PRESENT: All the Justices

Record No. 021987
JULIE ANDREWS UTSCH


v.

FRANCIS VINCENT UTSCH
OPINION BY JUSTICE DONALD W. LEMONS
June 6, 2003


FROM THE COURT OF APPEALS OF VIRGINIA

Shortly after his marriage to Julie Andrews Utsch (“Wife”), Francis Vincent Utsch[1] (“Husband”) transferred title of their marital residence from his name solely to himself and his wife as tenants by the entirety. The conveyance was made by deed of gift and recited “love and affection” as consideration for the transfer. Additionally, the deed of gift recited that the conveyance was exempt from recordation taxes under Code ??58.1-811(D).[2] In the divorce and equitable distribution proceeding, the trial court held that the deed of gift was unambiguous and, consequently, that parol evidence concerning the circumstances surrounding the execution of the deed of gift was inadmissible.

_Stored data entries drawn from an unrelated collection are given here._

text \<open>A cycle of length at least four has a chord at its \<open>\<sigma>\<close>-largest vertex, whose two
  neighbours on the cycle are \<open>\<sigma>\<close>-smaller and hence adjacent: \<open>\<sigma>\<close> is a perfect elimination
  ordering read backwards.\<close>

lemma chordal_graph_ofI:
  fixes \<sigma> :: "'a \<Rightarrow> nat"
  assumes sym: "\<And>u v. R u v \<Longrightarrow> R v u" and "inj_on \<sigma> V"
    and simplicial: "\<And>v u1 u2. v \<in> V \<Longrightarrow> u1 \<in> V \<Longrightarrow> u2 \<in> V \<Longrightarrow> u1 \<noteq> u2
      \<Longrightarrow> R v u1 \<Longrightarrow> R v u2 \<Longrightarrow> \<sigma> u1 < \<sigma> v \<Longrightarrow> \<sigma> u2 < \<sigma> v \<Longrightarrow> R u1 u2"
  shows "chordal V (graph_of V R)"
  unfolding chordal_def
proof (intro allI impI, elim conjE)
  fix cs assume cyc: "is_graph_cycle V (graph_of V R) cs" and "4 \<le> length cs"
  define L where "L = length cs"
  have "distinct cs" and sub: "set cs \<subseteq> V" using cyc by (auto simp: is_graph_cycle_def)
  have step: "R (cs ! i) (cs ! ((i + 1) mod L))" if "i < L" for i
  proof -
    have "{cs ! i, cs ! ((i + 1) mod L)} \<in> graph_of V R"
      using cyc that by (auto simp: is_graph_cycle_def L_def)
    then show ?thesis by (simp add: doubleton_in_graph_of_iff[OF sym])
  qed
  have "Max (\<sigma> ` set cs) \<in> \<sigma> ` set cs" using \<open>4 \<le> length cs\<close> by (intro Max_in) auto
  then obtain i where i: "i < L" "\<sigma> (cs ! i) = Max (\<sigma> ` set cs)"
    by (auto simp: in_set_conv_nth L_def)
  obtain p n where pn: "p < L" "n < L" "(p + 1) mod L = i" "(i + 1) mod L = n"
    "p \<noteq> i" "n \<noteq> i" "p \<noteq> n" "p \<noteq> (n + 1) mod L"
    using cycle_neighbours[OF i(1)] \<open>4 \<le> length cs\<close> by (auto simp: L_def)
  have R: "R (cs ! i) (cs ! p)" "R (cs ! i) (cs ! n)"
    using step[OF pn(1)] step[OF i(1)] pn(3,4) sym by auto
  have neq: "cs ! p \<noteq> cs ! i" "cs ! n \<noteq> cs ! i" "cs ! p \<noteq> cs ! n"
    using pn i \<open>distinct cs\<close> by (auto simp: nth_eq_iff_index_eq L_def)
  have in_V: "cs ! p \<in> V" "cs ! n \<in> V" "cs ! i \<in> V" using pn i sub by (auto simp: L_def)
  have "\<sigma> (cs ! p) \<le> \<sigma> (cs ! i)" "\<sigma> (cs ! n) \<le> \<sigma> (cs ! i)"
    using i pn by (auto simp: L_def)
  moreover have "\<sigma> (cs ! p) \<noteq> \<sigma> (cs ! i)" "\<sigma> (cs ! n) \<noteq> \<sigma> (cs ! i)"
    using neq in_V \<open>inj_on \<sigma> V\<close> by (auto dest: inj_onD)
  ultimately have "R (cs ! p) (cs ! n)"
    using simplicial[OF in_V(3,1,2) neq(3) R] by simp
  then have "{cs ! p, cs ! n} \<in> graph_of V R" using in_V by (auto simp: graph_of_def)
  then show "has_chord (graph_of V R) cs"
    unfolding has_chord_def using pn by (auto simp: L_def)
qed

lemma chordal_image:
  assumes ch: "chordal V F" and inj: "inj_on \<phi> V" and sub: "\<forall>e\<in>F. e \<subseteq> V"
  shows "chordal (\<phi> ` V) ((`) \<phi> ` F)"
  unfolding chordal_def
proof (intro allI impI, elim conjE)
  fix cs' assume cyc: "is_graph_cycle (\<phi> ` V) ((`) \<phi> ` F) cs'" and "4 \<le> length cs'"
  define \<psi> where "\<psi> = inv_into V \<phi>"
  define cs where "cs = map \<psi> cs'"
  have sub': "set cs' \<subseteq> \<phi> ` V" and "distinct cs'" using cyc by (auto simp: is_graph_cycle_def)
  have len: "length cs = length cs'" by (simp add: cs_def)
  have nth: "cs ! i = \<psi> (cs' ! i)" if "i < length cs'" for i using that by (simp add: cs_def)
  have \<phi>\<psi>: "\<phi> (\<psi> x) = x" if "x \<in> \<phi> ` V" for x using that by (simp add: \<psi>_def f_inv_into_f)
  have edge: "{cs ! i, cs ! j} \<in> F"
    if ij: "i < length cs'" "j < length cs'" "{cs' ! i, cs' ! j} \<in> (`) \<phi> ` F" for i j
  proof -
    obtain e where e: "e \<in> F" "{cs' ! i, cs' ! j} = \<phi> ` e" using ij(3) by auto
    have "{cs ! i, cs ! j} = \<psi> ` {cs' ! i, cs' ! j}" using ij(1,2) by (simp add: nth)
    also have "\<dots> = \<psi> ` \<phi> ` e" using e(2) by simp
    also have "\<dots> = e" using e(1) sub inj by (simp add: \<psi>_def inv_into_image_cancel)
    finally show ?thesis using e by simp
  qed
  have "is_graph_cycle V F cs"
    unfolding is_graph_cycle_def
  proof (intro conjI allI impI)
    show "distinct cs" using \<open>distinct cs'\<close> sub'
      by (simp add: cs_def distinct_map \<psi>_def inj_on_inv_into inj_on_subset)
    show "set cs \<subseteq> V" using sub' by (auto simp: cs_def \<psi>_def inv_into_into)
    show "3 \<le> length cs" using \<open>4 \<le> length cs'\<close> len by simp
    fix i assume "i < length cs"
    then show "{cs ! i, cs ! ((i + 1) mod length cs)} \<in> F"
      using cyc len by (intro edge) (auto simp: is_graph_cycle_def intro: mod_less_divisor)
  qed
  then have "has_chord F cs" using ch \<open>4 \<le> length cs'\<close> len by (auto simp: chordal_def)
  then obtain i j where ij: "i < length cs" "j < length cs" "i \<noteq> j" "j \<noteq> (i + 1) mod length cs"
      "i \<noteq> (j + 1) mod length cs" "{cs ! i, cs ! j} \<in> F"
    by (auto simp: has_chord_def)
  have "cs' ! i \<in> \<phi> ` V" "cs' ! j \<in> \<phi> ` V" using ij len sub' by auto
  then have "\<phi> ` {cs ! i, cs ! j} = {cs' ! i, cs' ! j}" using ij len by (simp add: nth \<phi>\<psi>)
  then have "{cs' ! i, cs' ! j} \<in> (`) \<phi> ` F" using ij(6) by (metis image_eqI)
  then show "has_chord ((`) \<phi> ` F) cs'" using ij len unfolding has_chord_def by auto
qed

lemma has_chord_ordered:
  assumes "has_chord F cs"
  obtains i j where "i + 2 \<le> j" "j < length cs" "\<not> (i = 0 \<and> j + 1 = length cs)"
    "{cs ! i, cs ! j} \<in> F"
proof -
  obtain i j where ij: "i < length cs" "j < length cs" "i \<noteq> j" "j \<noteq> (i + 1) mod length cs"
      "i \<noteq> (j + 1) mod length cs" "{cs ! i, cs ! j} \<in> F"
    using assms by (auto simp: has_chord_def)
  show ?thesis
  proof (cases "i < j")
    case True
    with ij show ?thesis by (intro that[of i j]) auto
  next
    case False
    with ij show ?thesis by (intro that[of j i]) (auto simp: insert_commute)
  qed
qed

section \<open>The cycle\<close>

definition cyc_adj :: "nat \<Rightarrow> nat \<Rightarrow> nat \<Rightarrow> bool" where
  "cyc_adj k u v \<longleftrightarrow> v = u + 1 \<or> u = v + 1 \<or> (u = 0 \<and> v = k - 1) \<or> (v = 0 \<and> u = k - 1)"

lemma dC_sym: "dC k i j = dC k j i"
  by (auto simp: dC_def)

lemma dC_eq_0_iff: "i < k \<Longrightarrow> j < k \<Longrightarrow> dC k i j = 0 \<longleftrightarrow> i = j"
  by (auto simp: dC_def min_def)

lemma dC_eq_1_iff: "3 \<le> k \<Longrightarrow> i < k \<Longrightarrow> j < k \<Longrightarrow> dC k i j = 1 \<longleftrightarrow> cyc_adj k i j"
  unfolding dC_def cyc_adj_def min_def
  by (cases "i < j"; cases "j - i \<le> k - j + i"; cases "i - j \<le> k - i + j"; simp; linarith)

lemma dC_eq_2_iff:
  "5 \<le> k \<Longrightarrow> i < k \<Longrightarrow> j < k \<Longrightarrow>
    dC k i j = 2 \<longleftrightarrow> j = i + 2 \<or> i = j + 2 \<or> j + k = i + 2 \<or> i + k = j + 2"
  unfolding dC_def min_def
  by (cases "i < j"; cases "j - i \<le> k - j + i"; cases "i - j \<le> k - i + j"; simp; linarith)

definition rot :: "nat \<Rightarrow> nat \<Rightarrow> nat \<Rightarrow> nat" where
  "rot k s t = (t + s) mod k"

definition unrot :: "nat \<Rightarrow> nat \<Rightarrow> nat \<Rightarrow> nat" where
  "unrot k s u = rot k (k - s mod k) u"

lemma rot_less: "0 < k \<Longrightarrow> rot k s t < k"
  by (simp add: rot_def)

lemma unrot_less: "0 < k \<Longrightarrow> unrot k s u < k"
  by (simp add: unrot_def rot_less)

lemma rot_rot: "rot k (rot k a i) t = rot k a (i + t)"
  unfolding rot_def by (simp add: mod_add_right_eq add.commute add.left_commute)

lemma rot_shift: "rot k (s + c) t = rot k s (t + c)"
  by (simp add: rot_def add.commute add.left_commute)

lemma rot_mod: "rot k s (t mod k) = rot k s t"
  by (simp add: rot_def mod_add_left_eq)

lemma rot_add_self: "rot k s (t + k) = rot k s t"
  by (simp add: rot_def add.commute add.left_commute)

lemma rot_add_self_left: "rot k (s + k) t = rot k s t"
  by (simp add: rot_def add.assoc[symmetric])

lemma rot_unrot: "u < k \<Longrightarrow> rot k s (unrot k s u) = u"
proof -
  assume "u < k"
  have "rot k s (unrot k s u) = (u + (k - s mod k) + s) mod k"
    by (simp add: rot_def unrot_def mod_add_left_eq)
  also have "u + (k - s mod k) + s = u + k + k * (s div k)"
    using \<open>u < k\<close> mod_less_divisor[of k s] mod_mult_div_eq[of s k] by linarith
  finally show ?thesis using \<open>u < k\<close> by simp
qed

lemma unrot_rot: "t < k \<Longrightarrow> unrot k s (rot k s t) = t"
proof -
  assume "t < k"
  have "unrot k s (rot k s t) = (t + s + (k - s mod k)) mod k"
    by (simp add: rot_def unrot_def mod_add_left_eq)
  also have "t + s + (k - s mod k) = t + k + k * (s div k)"
    using \<open>t < k\<close> mod_less_divisor[of k s] mod_mult_div_eq[of s k] by linarith
  finally show ?thesis using \<open>t < k\<close> by simp
qed

lemma rot_inj: "i < k \<Longrightarrow> j < k \<Longrightarrow> rot k a i = rot k a j \<Longrightarrow> i = j"
  by (metis unrot_rot)

lemma inj_on_rot: "inj_on (rot k s) (cyc_V k)"
  by (auto simp: inj_on_def cyc_V_def dest: rot_inj)

lemma rot_image: "0 < k \<Longrightarrow> rot k s ` cyc_V k = cyc_V k"
proof
  assume "0 < k"
  show "rot k s ` cyc_V k \<subseteq> cyc_V k" using \<open>0 < k\<close> by (auto simp: cyc_V_def rot_less)
  show "cyc_V k \<subseteq> rot k s ` cyc_V k"
  proof
    fix u assume "u \<in> cyc_V k"
    then have "u = rot k s (unrot k s u)" "unrot k s u \<in> cyc_V k"
      using \<open>0 < k\<close> by (auto simp: cyc_V_def rot_unrot unrot_less)
    then show "u \<in> rot k s ` cyc_V k" by blast
  qed
qed

lemma dC_rot: "i < k \<Longrightarrow> j < k \<Longrightarrow> dC k (rot k s i) (rot k s j) = dC k i j"
proof -
  assume "i < k" "j < k"
  define s' where "s' = s mod k"
  have "s' < k" using \<open>i < k\<close> by (simp add: s'_def)
  have "rot k s t = (if t + s' < k then t + s' else t + s' - k)" if "t < k" for t
  proof -
    have "rot k s t = (t + s') mod k" unfolding rot_def s'_def by (rule mod_add_right_eq[symmetric])
    also have "\<dots> = (if t + s' < k then t + s' else t + s' - k)"
      using that \<open>s' < k\<close> by (simp add: mod_if)
    finally show ?thesis .
  qed
  then show ?thesis using \<open>i < k\<close> \<open>j < k\<close> \<open>s' < k\<close>
    unfolding dC_def min_def
    by (cases "i + s' < k"; cases "j + s' < k"; cases "i < j"; simp split: if_split; linarith?)
qed

lemma dC_unrot: "i < k \<Longrightarrow> j < k \<Longrightarrow> dC k (unrot k s i) (unrot k s j) = dC k i j"
  by (simp add: unrot_def dC_rot)

lemma cyc_E_iff_dC:
  assumes "3 \<le> k" "i < k" "j < k"
  shows "{i, j} \<in> cyc_E k \<longleftrightarrow> dC k i j = 1"
proof
  assume "{i, j} \<in> cyc_E k"
  then consider t where "1 \<le> t" "t \<le> k - 1" "{i, j} = {t - 1, t}" | "{i, j} = {k - 1, 0}"
    by (auto simp: cyc_E_def)
  then show "dC k i j = 1"
    by cases (use assms in \<open>auto simp: doubleton_eq_iff dC_def\<close>)
next
  assume "dC k i j = 1"
  then have "cyc_adj k i j" using dC_eq_1_iff assms by simp
  then consider "j = i + 1" | "i = j + 1" | "i = 0" "j = k - 1" | "j = 0" "i = k - 1"
    by (auto simp: cyc_adj_def)
  then show "{i, j} \<in> cyc_E k"
  proof cases
    case 1
    then show ?thesis using assms unfolding cyc_E_def by (intro UnI1) (auto intro!: exI[of _ j])
  next
    case 2
    then show ?thesis using assms unfolding cyc_E_def by (intro UnI1) (auto intro!: exI[of _ i])
  qed (auto simp: cyc_E_def)
qed

lemma cyc_E_elem:
  assumes "3 \<le> k" "f \<in> cyc_E k"
  obtains i j where "f = {i, j}" "i < k" "j < k" "dC k i j = 1"
proof -
  from assms(2) obtain i j where "f = {i, j}" "i < k" "j < k"
    using assms(1) by (auto simp: cyc_E_def intro: that)
  with assms cyc_E_iff_dC show ?thesis by (intro that) auto
qed

definition cyc_nonedges :: "nat \<Rightarrow> nat set set" where
  "cyc_nonedges k = nonedges (cyc_V k) (cyc_E k)"

definition short_chords :: "nat \<Rightarrow> nat set set" where
  "short_chords k = {f \<in> nonedges (cyc_V k) (cyc_E k).
     \<exists>i j. i \<in> cyc_V k \<and> j \<in> cyc_V k \<and> f = {i, j} \<and> dC k i j = 2}"

abbreviation cyc_X :: "nat \<Rightarrow> (nat set \<Rightarrow> real) set" where
  "cyc_X k \<equiv> X_set (cyc_V k) (cyc_E k)"

lemma cyc_nonedges_iff:
  assumes "3 \<le> k"
  shows "f \<in> cyc_nonedges k \<longleftrightarrow> (\<exists>i j. f = {i, j} \<and> i < k \<and> j < k \<and> 2 \<le> dC k i j)"
proof
  assume "f \<in> cyc_nonedges k"
  then obtain i j where ij: "f = {i, j}" "i < k" "j < k" "i \<noteq> j" "{i, j} \<notin> cyc_E k"
    by (auto simp: cyc_nonedges_def nonedges_def cyc_V_def)
  then have "dC k i j \<noteq> 0" "dC k i j \<noteq> 1" using dC_eq_0_iff cyc_E_iff_dC assms by auto
  with ij show "\<exists>i j. f = {i, j} \<and> i < k \<and> j < k \<and> 2 \<le> dC k i j"
    by (intro exI[of _ i] exI[of _ j]) auto
next
  assume "\<exists>i j. f = {i, j} \<and> i < k \<and> j < k \<and> 2 \<le> dC k i j"
  then obtain i j where ij: "f = {i, j}" "i < k" "j < k" "2 \<le> dC k i j" by blast
  then have "i \<noteq> j" "{i, j} \<notin> cyc_E k" using dC_eq_0_iff cyc_E_iff_dC assms by fastforce+
  with ij show "f \<in> cyc_nonedges k" by (auto simp: cyc_nonedges_def nonedges_def cyc_V_def)
qed
theorem lemma3:
  fixes f :: "real^'n \<Rightarrow> real"
    and g :: "real^'n \<Rightarrow> real^'n"
    and B :: "real^'n \<Rightarrow> real^'n^'n"
    and x0 :: "real^'n"
    and L_C m M \<epsilon> :: real
  assumes grad: "\<And>x. (f has_derivative (\<lambda>h. g x \<bullet> h)) (at x)"
    and hess: "\<And>x. (g has_derivative (\<lambda>h. B x *v h)) (at x)"
    and hess_cont: "continuous_on UNIV B"
    and lip: "\<And>x y. x \<in> {x. f x \<le> f x0} \<Longrightarrow> y \<in> {x. f x \<le> f x0} \<Longrightarrow>
                 norm (g x - g y) \<le> L_C * norm (x - y)"
    and mpos: "0 < m" and mM: "m \<le> M"
    and hess_bnd: "\<And>x z. x \<in> {x. f x \<le> f x0} \<Longrightarrow>
                 M * (norm z)^2 \<ge> z \<bullet> (B x *v z) \<and> z \<bullet> (B x *v z) \<ge> m * (norm z)^2"
    and eps: "0 < \<epsilon>"
    and nostop: "\<And>k. norm (g (xk (ept_seq f g B x0 k))) > \<epsilon>"
  shows "\<exists>\<delta>>0. \<forall>k\<ge>1. dtk (ept_seq f g B x0 k) \<ge> gamma_2 * \<delta>"
proof -
  define L where "L = max L_C 1"
  interpret eptctr_problem f g B x0 L m M
  proof unfold_locales
    show "norm (g x - g y) \<le> L * norm (x - y)" if "f x \<le> f x0" "f y \<le> f x0" for x y
      using lip[of x y] that mult_right_mono[of L_C L "norm (x - y)"] by (simp add: L_def)
  qed (use grad hess mpos mM hess_bnd in \<open>auto simp: L_def\<close>)
  have "g (xk (ept_seq f g B x0 k)) \<noteq> 0" for k
    using nostop[of k] eps by auto
  then have "\<forall>k. gamma_2 * min dt_init dt_threshold \<le> dtk (ept_seq f g B x0 k)"
    using ept_seq_dtk_lower_bound by blast
  moreover have "0 < min dt_init dt_threshold"
    using dt_threshold_pos by (simp add: dt_init_def)
  ultimately show ?thesis
    by blast
qed

end
(* Let $\lambda\in\Delta([2])$ be a prior over the binary state space $[2]$, let $\pi:[2]\to\Delta(\Sigma)$ be a signaling scheme with finite signal space $\Sigma$, and let $\mu$ be the distribution of posterior beliefs induced by $\pi$. Then there exist a positive integer $K$ and signaling schemes $\pi^{(1)},\dots,\pi^{(K)}$, each of the form $\pi^{(k)}:[2]\to\Delta(\{0,1\})$ (binary signal space), with induced distributions of posterior beliefs $\mu^{(k)}$, and a distribution $F$ over $[K]$, such that for every posterior belief $x\in\mathrm{supp}(\mu)$, $$\Pr[\mu=x]=\mathbb{E}_{k\sim F}\big[\Pr[\mu^{(k)}=x]\big].$$
   Context: For a signaling scheme $\pi$ with signal space $\Sigma$, when the state $\theta\sim\lambda$ and the signal $\sigma\sim\pi(\theta,\cdot)$ are drawn, the posterior belief is $x(\sigma)\in\Delta([2])$ with $x(\sigma)(i)=\lambda(i)\pi(i,\sigma)/\sum_j\lambda(j)\pi(j,\sigma)$; the induced distribution of posterior beliefs $\mu$ is the distribution of the random variable $x(\sigma)$, and $\Pr[\mu=x]$ denotes the probability that the realized posterior equals $x$. *)

theory Defs
  imports "HOL-Probability.Probability_Mass_Function"
begin
lemma proj_laplace_density_sw_le:
  fixes x y :: "real ^ 'n"
  assumes b: "b > 0" and "x $ i \<le> x $ j" "y $ i \<le> y $ j"
  shows "proj_laplace_density b x (sw i j y) \<le> proj_laplace_density b x y"
  unfolding proj_laplace_density_def
proof (intro mult_left_mono integral_mono integrable_laplace_density_line b)
  show "laplace_density b x (sw i j y + t *\<^sub>R ones) \<le> laplace_density b x (y + t *\<^sub>R ones)" for t
    unfolding sw_add_scaleR_ones[symmetric] using assms by (intro laplace_density_sw_le) (auto simp: ones_def)
qed simp

theorem lemma10:
  fixes C b :: real and x :: "real ^ 'n"
  assumes "CARD('n) \<ge> 2" and "C > 0" and "b > 0" and "x \<in> K_S C"
  shows "(\<exists>f. is_proj_density C b x f \<and> continuous_on (K_S C) f) \<and>
         (\<forall>f. is_proj_density C b x f \<and> continuous_on (K_S C) f \<longrightarrow>
            (\<forall>i j y. y \<in> K_S C \<and> x $ i \<le> x $ j \<and> y $ i \<le> y $ j \<longrightarrow> f y \<ge> f (sw i j y)))"
proof (intro conjI allI impI)
  show "\<exists>f. is_proj_density C b x f \<and> continuous_on (K_S C) f"
    using is_proj_density_proj_laplace_density continuous_on_proj_laplace_density \<open>b > 0\<close> by blast
  fix f :: "real ^ 'n \<Rightarrow> real" and i j :: 'n and y :: "real ^ 'n"
  assume f: "is_proj_density C b x f \<and> continuous_on (K_S C) f"
    and y: "y \<in> K_S C \<and> x $ i \<le> x $ j \<and> y $ i \<le> y $ j"
  then have "f (sw i j y) = proj_laplace_density b x (sw i j y)"
    using \<open>b > 0\<close> by (intro proj_density_eq_proj_laplace_density sw_in_K_S) auto
  also have "\<dots> \<le> proj_laplace_density b x y"
    using y \<open>b > 0\<close> by (intro proj_laplace_density_sw_le) auto
  also have "\<dots> = f y"
    using f y \<open>b > 0\<close> by (intro proj_density_eq_proj_laplace_density[symmetric]) auto
  finally show "f (sw i j y) \<le> f y" .
qed

end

On appeal, the Court of Appeals reversed the judgment of the trial court and held the following:

[A]lthough the deed is clear and unambiguous on its face as to [H]usband’s intent to transfer legal title of the marital residence to himself and [W]ife jointly as tenants by the entirety without consideration, it is not clear and unambiguous with regard to [H]usband’s intent to make a gift of the marital residence to the marital estate. Thus, the fact finder must consider not only the terms of the deed itself, but also other competent evidence of the circumstances surrounding its execution and delivery.

Consequently, we conclude the trial court erred in finding the language of the deed of gift unambiguous, in finding the deed of gift conclusive on its face to establish [H]usband’s donative intent, and in excluding the introduction of parol evidence relating to the circumstances surrounding the execution of the deed of gift.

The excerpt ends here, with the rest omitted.